# Driving dads car



## slineclean (Dec 23, 2011)

Hi all

To ask the question ? 
My dad has got it so me and my brother can drive his car on his insurance.

I'm not sure if I've got 3rd party insurance on my own insurance to drive a other car ? Will it be ok to use dads car? Or do you think it best I ring my insurance ? Just need to borrow it for the day Thanks


----------



## Shiny (Apr 23, 2007)

slineclean said:


> Hi all
> 
> My dad has got it so me and my brother can drive his car on his insurance.


Just to clarify, you are a named driver on your dad's insurance policy?


----------



## Geordieexile (May 21, 2013)

If you're a named driver on his policy it doesn't matter what your own insurance does; it's irrelevant for the purposes of driving your dad's car.

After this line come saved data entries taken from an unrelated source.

lemma vanishes_along_wirtinger_Suc:
  assumes f: "smooth_on U f" and v: "vanishes_along wirtinger_dirs f x0 r"
    and dzbar: "\<And>k. vanishes_along wirtinger_dirs (\<lambda>p. cdiff f p (dzbar_vec k)) x0 r"
    and dz: "\<And>ks. length ks = r \<Longrightarrow> Dc (map dz_vec ks) f x0 = 0"
  shows "vanishes_along wirtinger_dirs f x0 (Suc r)"
proof (rule vanishes_alongI)
  fix cs :: "((complex^'n) \<times> (complex^'n)) list"
  assume cs: "set cs \<subseteq> wirtinger_dirs" "length cs < Suc r"
  show "Dc cs f x0 = 0"
  proof (cases "length cs < r")
    case True
    then show ?thesis using vanishes_alongD[OF v cs(1)] by blast
  next
    case False
    then have len: "length cs = r" using cs(2) by simp
    show ?thesis
    proof (cases "set cs \<subseteq> range dz_vec")
      case True
      then obtain ks where "cs = map dz_vec ks" using ex_map_conv[of cs dz_vec] by blast
      then show ?thesis using dz len by simp
    next
      case False
      then obtain k where "dzbar_vec k \<in> set cs" using cs(1) unfolding wirtinger_dirs_def by blast
      then obtain xs ys where cs_eq: "cs = xs @ dzbar_vec k # ys" by (meson split_list)
      have "Dc cs f x0 = Dc ((xs @ ys) @ [dzbar_vec k]) f x0"
        by (rule Dc_mset_eq[OF U f _ x0]) (simp add: cs_eq)
      also have "\<dots> = Dc (xs @ ys) (\<lambda>p. cdiff f p (dzbar_vec k)) x0"
        by (simp add: Dc_append)
      also have "\<dots> = 0"
        by (rule vanishes_alongD[OF dzbar]) (use cs(1) cs_eq len in auto)
      finally show ?thesis .
    qed
  qed
qed

end

section \<open>J-holomorphic functions\<close>

lemma dz_vec_T10_imp_J_axis:
  assumes "linear (J p)" "dz_vec k \<in> T10 J p"
  shows "J p (axis k 1) = axis k \<i>"
proof -
  have "J p ((1/2) *\<^sub>R axis k 1) = (1/2) *\<^sub>R axis k \<i>"
    using assms(2) unfolding T10_def cJ_def cmult_i_def dz_vec_def by simp
  then show ?thesis using linear_scale[OF assms(1)] by simp
qed

lemma J_holomorphic_on_cauchy_riemann:
  assumes "almost_complex_on U J" "J_holomorphic_on U J f" "p \<in> U"
  shows "frechet_derivative f (at p) u + \<i> * frechet_derivative f (at p) (J p u) = 0"
proof -
  have "(u, J p u) \<in> T01 J p"
    using assms(1,3) unfolding T01_def cJ_def cmult_i_def almost_complex_on_def by simp
  then have "cdiff f p (u, J p u) = 0" using assms(2,3) unfolding J_holomorphic_on_def by blast
  then show ?thesis unfolding cdiff_def by simp
qed

lemma cdiff_dzbar_vec_eq:
  assumes "f differentiable at p"
    and "\<And>u. frechet_derivative f (at p) u + \<i> * frechet_derivative f (at p) (J p u) = 0"
  shows "cdiff f p (dzbar_vec k)
       = frechet_derivative f (at p) ((1/2) *\<^sub>R (axis k 1 + J p (axis k \<i>)))"
proof -
  interpret D: linear "frechet_derivative f (at p)"
    using assms(1) by (rule linear_frechet_derivative)
  have "\<i> * (frechet_derivative f (at p) (axis k \<i>)
          + \<i> * frechet_derivative f (at p) (J p (axis k \<i>))) = 0"
    using assms(2) by simp
  then have "frechet_derivative f (at p) (J p (axis k \<i>))
      = \<i> * frechet_derivative f (at p) (axis k \<i>)"
    by (simp add: algebra_simps)
  then show ?thesis
    unfolding cdiff_def dzbar_vec_def
    by (simp add: D.add D.scale) (simp add: scaleR_conv_of_real algebra_simps)
qed

lemma vanishes_along_dzbar_vec:
  assumes U: "open U" and x0: "x0 \<in> U"
    and J: "almost_complex_on U J" and T10: "\<forall>k. dz_vec k \<in> T10 J x0"
    and f: "J_holomorphic_on U J f" and v: "vanishes_along wirtinger_dirs f x0 r"
  shows "vanishes_along wirtinger_dirs (\<lambda>p. cdiff f p (dzbar_vec k)) x0 r"
proof (cases r)
  case 0
  then show ?thesis by (simp add: vanishes_along_0)
next
  case (Suc r')
  have fs: "smooth_on U f" using f unfolding J_holomorphic_on_def by blast
  define V where "V p = (1/2) *\<^sub>R (axis k 1 + J p (axis k \<i>))" for p
  have "smooth_on U (\<lambda>p. J p (axis k \<i>))" using J unfolding almost_complex_on_def by blast
  from smooth_on_bounded_linear[OF U bounded_linear_scaleR_right
      smooth_on_add[OF U smooth_on_const this]]
  have sV: "smooth_on U V" unfolding V_def .
  have Jx0: "linear (J x0)" "\<And>v. J x0 (J x0 v) = - v"
    using J x0 unfolding almost_complex_on_def by auto
  have "J x0 (axis k 1) = axis k \<i>" using dz_vec_T10_imp_J_axis[of J x0 k, OF Jx0(1)] T10 by blast
  then have "J x0 (axis k \<i>) = - axis k 1" using Jx0(2)[of "axis k 1"] by simp
  then have V0: "V x0 = 0" unfolding V_def by simp
  have "vanishes_along wirtinger_dirs (\<lambda>p. frechet_derivative f (at p) (V p)) x0 r"
    unfolding Suc by (rule vanishes_along_frechet_derivative_field[OF U x0 fs sV V0
          vanishes_along_real_partials[OF U x0 fs v[unfolded Suc]]])
  moreover have "frechet_derivative f (at p) (V p) = cdiff f p (dzbar_vec k)" if "p \<in> U" for p
    unfolding V_def using J_holomorphic_on_cauchy_riemann[OF J f that]
    by (intro cdiff_dzbar_vec_eq[symmetric] smooth_on_imp_differentiable[OF fs that])
  ultimately show ?thesis by (rule vanishes_along_eq_on_open[OF U x0, rotated])
qed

Edit: beaten to it by Shiny ...


----------



## slineclean (Dec 23, 2011)

Shiny said:


> Just to clarify, you are a named driver on your dad's insurance policy?


Yes I am


----------



## Shiny (Apr 23, 2007)

If you are a named driver under his policy, then you will be covered under his policy as this will act as the primary policy (not your driving other cars extension).

You will have whatever cover he has on his policy, so if he is Comprehensive, you will also be covered Comprehensive as a named driver.


----------



## Kerr (Mar 27, 2012)

Better be named on his policy as that gives comprehensive cover.

Not all insurance polices allow you to drive other cars third party. Well worth reading your policy before you do. However being on your dad's insurance is the best bet.


----------



## Radish293 (Mar 16, 2012)

You never get driving other cars if your under 25.


----------



## Celica steve (Jun 25, 2010)

Best to check the smallprint properly. Normally driving other cars is for the named policyholder only.


----------



## Shiny (Apr 23, 2007)

The driving other cars extension is irrelevant here folks as slineclean has stated he is named as a driver on his dad's policy to drive his dad's car :thumb:


----------



## slineclean (Dec 23, 2011)

Thank you everyone for your replies. 

Saw dads insurance certificate Saturday and my name is written on it :thumb:


----------